The construction industry is a community-based industry, and the success or failure of local business, be it in Japan or overseas, depends on a company’s ability to build a solid network of partner companies, clients, designers, suppliers and subcontractors, and local staff. In particular, in the overseas construction business, the company’s goal is to train national staff (locally hired staff) who will become future executive candidates, and to promote the further localization of overseas subsidiaries to create a business model that handles both Japanese and local businesses. Therefore, it is important to train not only Japanese employees stationed overseas but also staff of local subsidiaries.

International staff must understand the legal systems, business practices, lifestyles, ways of thinking, and values of the respective countries they are involved with.
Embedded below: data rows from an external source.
text \<open>Both the tangent-plane bound at \<open>v\<close> and the quadratic upper bound at \<open>u\<close> are
  evaluated at \<open>w = u - (1/L) (\<nabla>f(u) - \<nabla>f(v))\<close>.\<close>

lemma interpolation:
  "f u \<ge> f v + g v \<bullet> (u - v) + (norm (g u - g v))\<^sup>2 / (2 * L)"
proof -
  define \<delta> where "\<delta> = g u - g v"
  define w where "w = u - (1 / L) *\<^sub>R \<delta>"
  have lower: "f w \<ge> f v + g v \<bullet> (u - v) - (1 / L) * (g v \<bullet> \<delta>)"
    using above_tangent_plane[of v w] unfolding w_def by (simp add: inner_diff_right)
  have upper: "f w \<le> f u - (1 / L) * (g u \<bullet> \<delta>) + (norm \<delta>)\<^sup>2 / (2 * L)"
  proof -
    have "L / 2 * (norm (w - u))\<^sup>2 = (norm \<delta>)\<^sup>2 / (2 * L)"
      unfolding w_def using L_pos by (simp add: power2_eq_square field_simps)
    then show ?thesis
      using quadratic_upper_bound[of w u] unfolding w_def by (simp add: inner_diff_right)
  qed
  have "(1 / L) * (g u \<bullet> \<delta>) - (1 / L) * (g v \<bullet> \<delta>) = 2 * ((norm \<delta>)\<^sup>2 / (2 * L))"
    unfolding \<delta>_def using L_pos by (simp add: inner_diff_left power2_norm_eq_inner field_simps)
  with lower upper show ?thesis
    unfolding \<delta>_def by linarith
qed
(* Suppose $F\in\mathcal A$. Then for every $z\in\mathbb C$, each connected component of the slice $\Omega_z$ is simply connected.
   Context: Let $F(z,w)=(P(z),Q(z,w))$ be a polynomial skew product of $\mathbb C^2$. Let $U=\{z\in\mathbb C: P^n(z)\to 0\}$ be the basin of attraction of $0$ for $P$, let $\Omega=\{(z,w)\in\mathbb C^2: F^n(z,w)\to(0,0)\}$ be the basin of attraction of $(0,0)$ for $F$, and for $z\in\mathbb C$ let $\Omega_z=\{w\in\mathbb C:(z,w)\in\Omega\}$ be the slice of $\Omega$ over $z$. We say $F$ belongs to the class $\mathcal A$ if: (i) $P$ is a polynomial of degree $d\ge 2$ with $P(0)=0$ and $0<|P'(0)|=a<1$; (ii) writing $Q(z,w)=\sum_{j=0}^d Q_j(w)z^j$ with polynomials $Q_j$, we have $\deg Q_j\le d-1$ for all $j\ge 1$, $Q_0(w)=Q(0,w)$ has degree exactly $d$, $Q_0(0)=0$, $0<|Q_0'(0)|=b<1$, $a<b$, and $\frac{\partial Q}{\partial z}(0,0)=0$ (so $(0,0)$ is an attracting fixed point of $F$); (iii) condition $\mathcal C$ holds: (C1) for every $z\in\partial U$ there is no $w$ with $(z,w)\in\overline{\Omega}$ and $\frac{\partial Q}{\partial w}(z,w)=0$; (C2) if $w\notin\Omega_0$ and $\frac{\partial Q}{\partial w}(0,w)=0$, then $w$ lies in the basin of infinity of $Q_0$ (i.e. $Q_0^n(w)\to\infty$); (C3) if $w\in\Omega_0$ and $\frac{\partial Q}{\partial w}(0,w)=0$, then $F^n(0,w)\neq(0,0)$ for all integers $n\ge1$; (C4) if $z\in U$ and $P'(z)=0$, then $P^n(z)\ne 0$ for all integers $n\ge 1$. *)

theory Defs
  imports "HOL-Analysis.Analysis" "HOL-Computational_Algebra.Polynomial"
begin

text \<open>A polynomial skew product F(z,w) = (P(z), Q(z,w)) with
  Q(z,w) = sum_{j=0}^d Q_j(w) z^j, d = degree P.  Q is given by the
  family of one-variable polynomials Qs j = Q_j.\<close>

definition skewQ :: "complex poly \<Rightarrow> (nat \<Rightarrow> complex poly) \<Rightarrow> complex \<Rightarrow> complex \<Rightarrow> complex" where
  "skewQ P Qs z w = (\<Sum>j\<le>degree P. poly (Qs j) w * z ^ j)"

definition skewQ_dw :: "complex poly \<Rightarrow> (nat \<Rightarrow> complex poly) \<Rightarrow> complex \<Rightarrow> complex \<Rightarrow> complex" where
  "skewQ_dw P Qs z w = (\<Sum>j\<le>degree P. poly (pderiv (Qs j)) w * z ^ j)"

definition skewF :: "complex poly \<Rightarrow> (nat \<Rightarrow> complex poly) \<Rightarrow> complex \<times> complex \<Rightarrow> complex \<times> complex" where
  "skewF P Qs = (\<lambda>(z, w). (poly P z, skewQ P Qs z w))"

definition basinU :: "complex poly \<Rightarrow> complex set" where
  "basinU P = {z. (\<lambda>n. (poly P ^^ n) z) \<longlonglongrightarrow> 0}"

definition basinOmega :: "complex poly \<Rightarrow> (nat \<Rightarrow> complex poly) \<Rightarrow> (complex \<times> complex) set" where
  "basinOmega P Qs = {p. (\<lambda>n. (skewF P Qs ^^ n) p) \<longlonglongrightarrow> (0, 0)}"

definition slice :: "complex poly \<Rightarrow> (nat \<Rightarrow> complex poly) \<Rightarrow> complex \<Rightarrow> complex set" where
  "slice P Qs z = {w. (z, w) \<in> basinOmega P Qs}"

definition classA :: "complex poly \<Rightarrow> (nat \<Rightarrow> complex poly) \<Rightarrow> bool" where
  "classA P Qs \<longleftrightarrow>
     (let d = degree P; a = cmod (poly (pderiv P) 0); b = cmod (poly (pderiv (Qs 0)) 0) in
      d \<ge> 2 \<and> poly P 0 = 0 \<and> 0 < a \<and> a < 1 \<and>
      (\<forall>j. 1 \<le> j \<and> j \<le> d \<longrightarrow> degree (Qs j) \<le> d - 1) \<and>
      degree (Qs 0) = d \<and> poly (Qs 0) 0 = 0 \<and> 0 < b \<and> b < 1 \<and> a < b \<and>
      poly (Qs 1) 0 = 0 \<and>
      \<comment> \<open>C1\<close>
      (\<forall>z\<in>frontier (basinU P). \<not> (\<exists>w. (z, w) \<in> closure (basinOmega P Qs) \<and> skewQ_dw P Qs z w = 0)) \<and>
      \<comment> \<open>C2\<close>
      (\<forall>w. w \<notin> slice P Qs 0 \<and> skewQ_dw P Qs 0 w = 0 \<longrightarrow>
          filterlim (\<lambda>n. (poly (Qs 0) ^^ n) w) at_infinity sequentially) \<and>
      \<comment> \<open>C3\<close>
      (\<forall>w. w \<in> slice P Qs 0 \<and> skewQ_dw P Qs 0 w = 0 \<longrightarrow>
          (\<forall>n\<ge>1. (skewF P Qs ^^ n) (0, w) \<noteq> (0, 0))) \<and>
      \<comment> \<open>C4\<close>
      (\<forall>z. z \<in> basinU P \<and> poly (pderiv P) z = 0 \<longrightarrow> (\<forall>n\<ge>1. (poly P ^^ n) z \<noteq> 0)))"

end

theory Submission
  imports Defs "HOL-Complex_Analysis.Complex_Analysis"
begin

text \<open>
  Near the attracting fixed point the derivative of \<open>F\<close> is \<open>diag(P'(0), Q\<^sub>0'(0))\<close>, of norm
  \<open>b < 1\<close>, so \<open>F\<close> contracts a ball \<open>B\<close> around the origin and \<open>\<Omega>\<close> is the increasing union of the
  open sets \<open>F\<^sup>-\<^sup>n(B)\<close>. Over a fixed \<open>z\<close> the first coordinate of \<open>F\<^sup>n(z, w)\<close> does not depend on
  \<open>w\<close> and the second is an entire function of \<open>w\<close>. A loop in a component of \<open>\<Omega>\<^sub>z\<close> is compact,
  hence is mapped into \<open>B\<close> by a single iterate \<open>F\<^sup>N\<close>; by the maximum modulus principle so is
  every point it surrounds. Hence the inside of the loop lies in \<open>\<Omega>\<^sub>z\<close>, and then in the same
  component, so the loop winds around no point of the complement.
\<close>

lemma compact_subset_incseq_open_UN:
  assumes "compact K" "\<And>n. open (A n)" "incseq A" "K \<subseteq> (\<Union>n. A n)"
  shows "\<exists>n. K \<subseteq> A n"
proof -
  have "K \<subseteq> \<Union> (A ` UNIV)"
    using assms(4) by simp
  then obtain N where "finite N" "K \<subseteq> (\<Union>n\<in>N. A n)"
    using compactE_image[OF assms(1), of UNIV A] assms(2) by metis
  moreover have "A n \<subseteq> A (Max N)" if "n \<in> N" for n
    using \<open>incseq A\<close> \<open>finite N\<close> that by (simp add: incseq_def)
  ultimately show ?thesis by blast
qed

lemma inside_subset_component:
  fixes K :: "'a::{real_normed_vector, perfect_space} set"
  assumes "C \<in> components S" "K \<subseteq> C" "closed K" "connected K" "inside K \<subseteq> S"
  shows "inside K \<subseteq> C"
proof (cases "K = {}")
  case False
  have "K \<union> inside K \<subseteq> S"
    using assms in_components_subset by blast
  then have "K \<union> inside K \<subseteq> C"
    using components_maximal[OF assms(1) connected_with_inside[OF assms(3,4)]] assms(2) False
    by blast
  then show ?thesis by blast
qed simp

lemma simply_connected_if_inside_loops_subset:
  fixes S :: "complex set"
  assumes "open S" "connected S"
    and inside_loops: "\<And>g. path g \<Longrightarrow> path_image g \<subseteq> S \<Longrightarrow> pathfinish g = pathstart g \<Longrightarrow>
                            inside (path_image g) \<subseteq> S"
  shows "simply_connected S"
  unfolding simply_connected_eq_winding_number_zero[OF \<open>open S\<close>]
proof (intro conjI allI impI \<open>connected S\<close>)
  fix g w
  assume g: "path g \<and> path_image g \<subseteq> S \<and> pathfinish g = pathstart g \<and> w \<notin> S"
  then have "w \<notin> inside (path_image g) \<union> path_image g"
    using inside_loops by blast
  then have "w \<in> outside (path_image g)"
    by (simp add: outside_inside)
  then show "winding_number g w = 0"
    using g winding_number_zero_in_outside by blast
qed

lemma simply_connected_components_of_inside_closed_UN:
  fixes A :: "nat \<Rightarrow> complex set"
  assumes open_A: "\<And>n. open (A n)" and "incseq A"
    and inside_closed: "\<And>K n. compact K \<Longrightarrow> K \<subseteq> A n \<Longrightarrow> inside K \<subseteq> A n"
    and C: "C \<in> components (\<Union>n. A n)"
  shows "simply_connected C"
proof (rule simply_connected_if_inside_loops_subset)
  show "open C"
    using open_components[OF _ C] open_A by blast
  fix g
  assume g: "path g" "path_image g \<subseteq> C" "pathfinish g = pathstart g"
  then have "path_image g \<subseteq> (\<Union>n. A n)"
    using C in_components_subset by blast
  then obtain n where "path_image g \<subseteq> A n"
    using compact_subset_incseq_open_UN[OF compact_path_image[OF g(1)] open_A \<open>incseq A\<close>] by blast
  then have "inside (path_image g) \<subseteq> (\<Union>n. A n)"
    using inside_closed[OF compact_path_image[OF g(1)]] by blast
  then show "inside (path_image g) \<subseteq> C"
    by (rule inside_subset_component[OF C g(2) closed_path_image[OF g(1)] connected_path_image[OF g(1)]])
qed (use C in_components_connected in auto)

lemma maximum_modulus_inside:
  assumes "compact K" "f holomorphic_on K \<union> inside K" "w \<in> inside K"
  obtains u where "u \<in> K" "norm (f w) \<le> norm (f u)"
proof -
  have "K \<noteq> {}"
    using assms(3) by auto
  moreover have "continuous_on K (\<lambda>v. norm (f v))"
    using assms(2) by (auto intro!: continuous_intros holomorphic_on_imp_continuous_on
                            elim: continuous_on_subset)
  ultimately obtain u where u: "u \<in> K" "\<And>v. v \<in> K \<Longrightarrow> norm (f v) \<le> norm (f u)"
    using continuous_attains_sup[OF \<open>compact K\<close>] by blast
  have "closed K"
    using \<open>compact K\<close> by (rule compact_imp_closed)
  have frontier: "frontier (inside K) \<subseteq> K"
    using \<open>closed K\<close> by (rule frontier_inside_subset)
  have "norm (f w) \<le> norm (f u)"
  proof (rule maximum_modulus_frontier[where f = f and S = "inside K" and \<xi> = w])
    show "f holomorphic_on interior (inside K)"
      using assms(2) by (auto simp: interior_open open_inside[OF \<open>closed K\<close>]
                              elim: holomorphic_on_subset)
    have "closure (inside K) \<subseteq> K \<union> inside K"
      using frontier by (auto simp: closure_Un_frontier)
    then show "continuous_on (closure (inside K)) f"
      by (rule continuous_on_subset[OF holomorphic_on_imp_continuous_on[OF assms(2)]])
    show "bounded (inside K)"
      using \<open>compact K\<close> by (simp add: bounded_inside compact_imp_bounded)
  qed (use frontier u assms(3) in auto)
  then show ?thesis
    using u(1) that by blast
qed

lemma norm_Pair_scale_le:
  fixes a b x y :: "'a::real_normed_div_algebra"
  assumes "norm a \<le> k" "norm b \<le> k"
  shows "norm (a * x, b * y) \<le> k * norm (x, y)"
proof -
  have "0 \<le> k"
    using assms(1) norm_ge_zero order_trans by blast
  have "(norm a * norm x)\<^sup>2 + (norm b * norm y)\<^sup>2 \<le> k\<^sup>2 * ((norm x)\<^sup>2 + (norm y)\<^sup>2)"
    using assms by (simp add: power_mult_distrib distrib_left add_mono mult_right_mono power_mono)
  then have "sqrt ((norm a * norm x)\<^sup>2 + (norm b * norm y)\<^sup>2) \<le> sqrt (k\<^sup>2 * ((norm x)\<^sup>2 + (norm y)\<^sup>2))"
    by (rule real_sqrt_le_mono)
  then show ?thesis
    using \<open>0 \<le> k\<close> by (simp add: norm_Pair norm_mult real_sqrt_mult)
qed

lemma has_derivative_local_contraction:
  fixes F :: "'a::real_normed_vector \<Rightarrow> 'a"
  assumes deriv: "(F has_derivative L) (at 0)" and "F 0 = 0"
    and "b < 1" and L_bound: "\<And>h. norm (L h) \<le> b * norm h"
  obtains r c where "r > 0" "0 \<le> c" "c < 1" "\<And>p. norm p < r \<Longrightarrow> norm (F p) \<le> c * norm p"
proof -
  define e where "e = (1 - b) / 2"
  have "e > 0"
    using \<open>b < 1\<close> by (simp add: e_def)
  then obtain r where "r > 0" and r: "\<And>p. norm p < r \<Longrightarrow> norm (F p - L p) \<le> e * norm p"
    using deriv \<open>F 0 = 0\<close> by (fastforce simp: has_derivative_at_alt)
  have "norm (F p) \<le> max 0 (b + e) * norm p" if "norm p < r" for p
  proof -
    have "norm (F p) \<le> norm (L p) + norm (F p - L p)"
      by (rule norm_triangle_sub)
    also have "\<dots> \<le> (b + e) * norm p"
      using L_bound[of p] r[OF that] by (simp add: distrib_right)
    also have "\<dots> \<le> max 0 (b + e) * norm p"
      by (intro mult_right_mono) simp_all
    finally show ?thesis .
  qed
  moreover have "max 0 (b + e) < 1"
    using \<open>b < 1\<close> by (simp add: e_def field_simps)
  ultimately show ?thesis
    using \<open>r > 0\<close> by (intro that[of r "max 0 (b + e)"]) auto
qed

lemma contraction_ball_attracting:
  fixes f :: "'a::real_normed_vector \<Rightarrow> 'a"
  assumes "0 \<le> c" "c < 1" and contr: "\<And>p. norm p < r \<Longrightarrow> norm (f p) \<le> c * norm p"
  shows contraction_ball_invariant: "f ` ball 0 r \<subseteq> ball 0 r"
    and contraction_ball_tendsto: "p \<in> ball 0 r \<Longrightarrow> (\<lambda>n. (f ^^ n) p) \<longlonglongrightarrow> 0"
proof -
  show invariant: "f ` ball 0 r \<subseteq> ball 0 r"
  proof (rule image_subsetI)
    fix q :: 'a
    assume "q \<in> ball 0 r"
    then have "norm q < r" by simp
    moreover have "c * norm q \<le> norm q"
      using mult_left_le_one_le[of "norm q" c] assms(1,2) by simp
    ultimately show "f q \<in> ball 0 r"
      using contr[of q] by simp
  qed
  show "(\<lambda>n. (f ^^ n) p) \<longlonglongrightarrow> 0" if "p \<in> ball 0 r"
  proof -
    have orbit: "(f ^^ n) p \<in> ball 0 r" for n
    proof (induction n)
      case (Suc n)
      then show ?case
        using subsetD[OF invariant imageI[OF Suc]] by simp
    qed (use that in simp)
    have bound: "norm ((f ^^ n) p) \<le> c ^ n * norm p" for n
    proof (induction n)
      case (Suc n)
      have "norm ((f ^^ Suc n) p) \<le> c * norm ((f ^^ n) p)"
        using contr[of "(f ^^ n) p"] orbit[of n] by simp
      also have "\<dots> \<le> c * (c ^ n * norm p)"
        using Suc.IH \<open>0 \<le> c\<close> by (rule mult_left_mono)
      finally show ?case by simp
    qed simp
    have "(\<lambda>n. c ^ n * norm p) \<longlonglongrightarrow> 0"
      using tendsto_mult[OF LIMSEQ_power_zero[of c] tendsto_const[of "norm p"]] assms(1,2) by simp
    then show ?thesis
      by (rule Lim_null_comparison[OF always_eventually[OF allI[OF bound]]])
  qed
qed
Obayashi Corporation seeks global leaders who have the skills necessary to promote overseas strategies and who can demonstrate leadership and lead the organization. The Global Leadership Training Program is designed for selected associate-level employees who have been with the company for around four to ten years to teach them basic knowledge necessary for global business and to make them aware of the issues they will individually face.

Several young staff members from overseas group subsidiaries are also selected every year to receive Japanese language training locally and are then dispatched to Japan for a period of one to three years. The purpose of the training is for national staff to learn Japanese construction techniques and establish human network in Japan. The training also enhances motivation, as personnel who complete the training are often subsequently promoted to executive positions in group subsidiaries.

For example, Thai Obayashi, which was founded in 1974 and was preceded by Obayashi Corporation’s representative office in Bangkok, has continuously sent national staff to Japan since 1977 to instill the Obayashi DNA. In 2003, President Sompong Cintawongvanich, a Thai national with experience working at Japanese construction sites, was appointed the first non-Japanese president of an Obayashi local subsidiary. Through collaboration with Obayashi Corporation, Thai Obayashi has grown to become a leading company in the Thai construction industry. In recent years, contracts from non-Japanese companies account for 80 percent of Thai Obayashi’s sales. This is a concrete example of a successful targeted business model.